English poetry covers an enormous space, and in spite of areas of dullness it is probably as a whole superior in all high qualities to that of any modern nation. The poetry of Italy and of Spain ended not long after the Middle Ages. Since the Reformation, no great poems have appeared in any but Protestant countries. The poetry of Germany is scarcely more than a century old, — Goethe and Schiller, as they were the first, so they are almost the last of the great German poets, — and that of France, brilliant and finished as it is in some respects, is wholly wanting in the subtile, unnamed quality which characterizes the chief works of British as well as of ancient classical authors.

We welcome every conscientious attempt to illustrate the history of English verse, and to give an appreciative estimate of the work of each bal’d. The labors of cycloptedists and collectors of anthologies bring forgotten traits to light, and enable us to take a broader and completer view of the most precious of our intellectual possessions. No perfect collection exists, either in the form of catalogue or anthology. Warton is a mine for antiquaries alone. Johnson’s Lives are entertaining, but his judgments are not trustworthy, because the great author was totally destitute of the poetic sense. Chambers’s useful work is marred by bad taste and by inexcusable carelessness. Countless volumes of Elegant Extracts only testify that our poetical literature is too vast and many-sided for the grasp of any one man.

It is not the man of highest genius that will make the most valuable collection for general use. Emerson’s Parnassus is best only for Emersonian readers. Think what an anthology we should have from Browning ! — great in many respects, doubtless, but confined to a limited tract of human thought and experience. Imagine, on the other hand, what a gay and melodious collection we might have had from Tom Moore !

Perhaps a creator of verse could not he the best collector. The task would appear to call rather for a man of refined perception, general reading, and wide sympathies. It is only a truism to say that no earnest lover of poetry ever examined an anthology without feeling that he could have bettered it. He might be grateful for new light here and there, but he would be sure to resent the omission of favorite poems, and to deplore the lack of appreciation of favorite poets. It must be frankly admitted, therefore, that the student who has gone over the field of English poetry for himself will take up a new work like this with some caution, not to say distrust. It is impossible that his attitude should be other than critical.

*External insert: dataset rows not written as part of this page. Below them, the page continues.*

lemma near_square_poly_estimate_interval:
  fixes k Q k0 k1 :: real
  assumes "1 \<le> k0" "k0 \<le> k" "k \<le> k1" "0 < Q" "Q < 9.87"
    and endpoints: "9.87 * k1^4 * (k1\<^sup>2 + 4 * k1 + 1) / 8 + 4 * 9.87 * k1\<^sup>2 \<le> 16 * k0 * (1 + k0)\<^sup>2"
  shows "Q * k^4 * (k\<^sup>2 + 4 * k + 1) / 8 + 4 * Q * k\<^sup>2 \<le> 16 * k * (1 + k)\<^sup>2"
proof -
  have k4: "k^4 \<le> k1^4" and k2: "k\<^sup>2 \<le> k1\<^sup>2"
    using assms by (intro power_mono; simp)+
  have "Q * k^4 \<le> 9.87 * k1^4"
    using assms k4 by (intro mult_mono) auto
  moreover have "k\<^sup>2 + 4 * k + 1 \<le> k1\<^sup>2 + 4 * k1 + 1"
    using k2 assms by linarith
  ultimately have "Q * k^4 * (k\<^sup>2 + 4 * k + 1) / 8 \<le> 9.87 * k1^4 * (k1\<^sup>2 + 4 * k1 + 1) / 8"
    using assms by (intro divide_right_mono mult_mono) auto
  moreover have "4 * Q * k\<^sup>2 \<le> 4 * 9.87 * k1\<^sup>2"
    using assms k2 by (intro mult_mono) auto
  moreover have "16 * k0 * (1 + k0)\<^sup>2 \<le> 16 * k * (1 + k)\<^sup>2"
    using assms by (intro mult_mono power_mono) auto
  ultimately show ?thesis
    using endpoints by linarith
qed

lemma near_square_poly_estimate:
  fixes k Q :: real
  assumes "1 \<le> k" "k < 1.24" "0 < Q" "Q < 9.87"
  shows "Q * k^4 * (k\<^sup>2 + 4 * k + 1) / 8 + 4 * Q * k\<^sup>2 \<le> 16 * k * (1 + k)\<^sup>2"
proof -
  consider "k \<le> 1.1" | "1.1 \<le> k" "k \<le> 1.17" | "1.17 \<le> k"
    by linarith
  then show ?thesis
  proof cases
    case 1
    then show ?thesis
      using assms by (intro near_square_poly_estimate_interval[of 1 k "1.1" Q]) (auto simp: power_divide)
  next
    case 2
    then show ?thesis
      using assms by (intro near_square_poly_estimate_interval[of "1.1" k "1.17" Q]) (auto simp: power_divide)
  next
    case 3
    then show ?thesis
      using assms by (intro near_square_poly_estimate_interval[of "1.17" k "1.24" Q]) (auto simp: power_divide)
  qed
qed

lemma linear_test_failure_bounds:
  fixes k g Q :: real
  assumes k: "1 \<le> k" and Q: "197 / 20 < Q"
    and linear_test_fails: "Q * (g\<^sup>2 + k\<^sup>2) < 3 * (1 + k)\<^sup>2"
  shows "g\<^sup>2 < (1 / 2)\<^sup>2" "k < 1.24"
proof -
  have Qk: "197 / 20 * k\<^sup>2 \<le> Q * k\<^sup>2" and Qg: "197 / 20 * g\<^sup>2 \<le> Q * g\<^sup>2"
    using Q by (intro mult_right_mono; simp)+
  have expand: "3 * (1 + k)\<^sup>2 = 3 + 6 * k + 3 * k\<^sup>2" "Q * (g\<^sup>2 + k\<^sup>2) = Q * g\<^sup>2 + Q * k\<^sup>2"
    by (simp_all add: algebra_simps power2_eq_square)
  have "0 \<le> (k - 1) * (137 / 20 * k + 17 / 20)"
    using k by simp
  moreover have "(k - 1) * (137 / 20 * k + 17 / 20) = 137 / 20 * k\<^sup>2 - 6 * k - 17 / 20"
    by (simp add: field_simps power2_eq_square)
  ultimately show "g\<^sup>2 < (1 / 2)\<^sup>2"
    using Qk Qg expand linear_test_fails by (simp add: power_divide)
  show "k < 1.24"
  proof (rule ccontr)
    assume "\<not> k < 1.24"
    then have "0 \<le> (k - 31 / 25) * (137 / 20 * k + 1247 / 500)"
      by simp
    moreover have "(k - 31 / 25) * (137 / 20 * k + 1247 / 500) = 137 / 20 * k\<^sup>2 - 6 * k - 38657 / 12500"
      by (simp add: field_simps power2_eq_square)
    moreover have "0 \<le> Q * g\<^sup>2"
      using Q by simp
    ultimately show False
      using Qk expand linear_test_fails by linarith
  qed
qed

Mr. Ward’s collection appears to have been made by the collaboration of a literary senate. No fewer than twenty different names are signed to the biographical and critical introductions. The greater number were written by Edmund W. Gosse. The best known of the writers are Matthew Arnold, Professor Skeat, Goldwin Smith, and Mark Pattison. These little essays embody the latest results of literary research, and are for that reason, if for no other, extremely valuable. They are also well written, in the main, and have a uniform high seriousness, as if the tone had been taken in concert. There are occasional blemishes, as where a writer calls Herrick “a pagan and a hedonist.” The jolly parson was no doubt intensely Greek in feeling, and a lover of pleasure ; but there was no need to ransack the dictionary to find an epithet. This is part of the influence of Taine on the rising critics, — the attempting to epitomize a character in one dashing phrase. There are evident marks of care in most of these prefaces, but their value to readers will depend upon the interest felt in the several subjects.

This brings us to consider whether all the poems and extracts gathered in these volumes are worthy of preservation. An anthology, a collection of blossoms, should have the best specimens, all the best, and only the best. The only latitude allowed the collector is in respect to the varying standards of excellence in the successive centuries. Gower was satisfied with verses that we find harsh and dry. We may agree with the editor and his senate that Gower should be represented ; we only stipulate that he shall be represented in due perspective from this century, and not as he appeared to admirers in his own time.

In this view we must consider that too much space has been allowed to the early poets, Chaucer excepted. Considered in themselves, and omitting for the time the historical connection, the poems of Lydgate and Occleve, as well as “ the morall Gower,” have very little interest for any readers. These poets of the old dispensation are to be preserved by the literary annalist; they should not have more than twenty dreary lines apiece in an anthology.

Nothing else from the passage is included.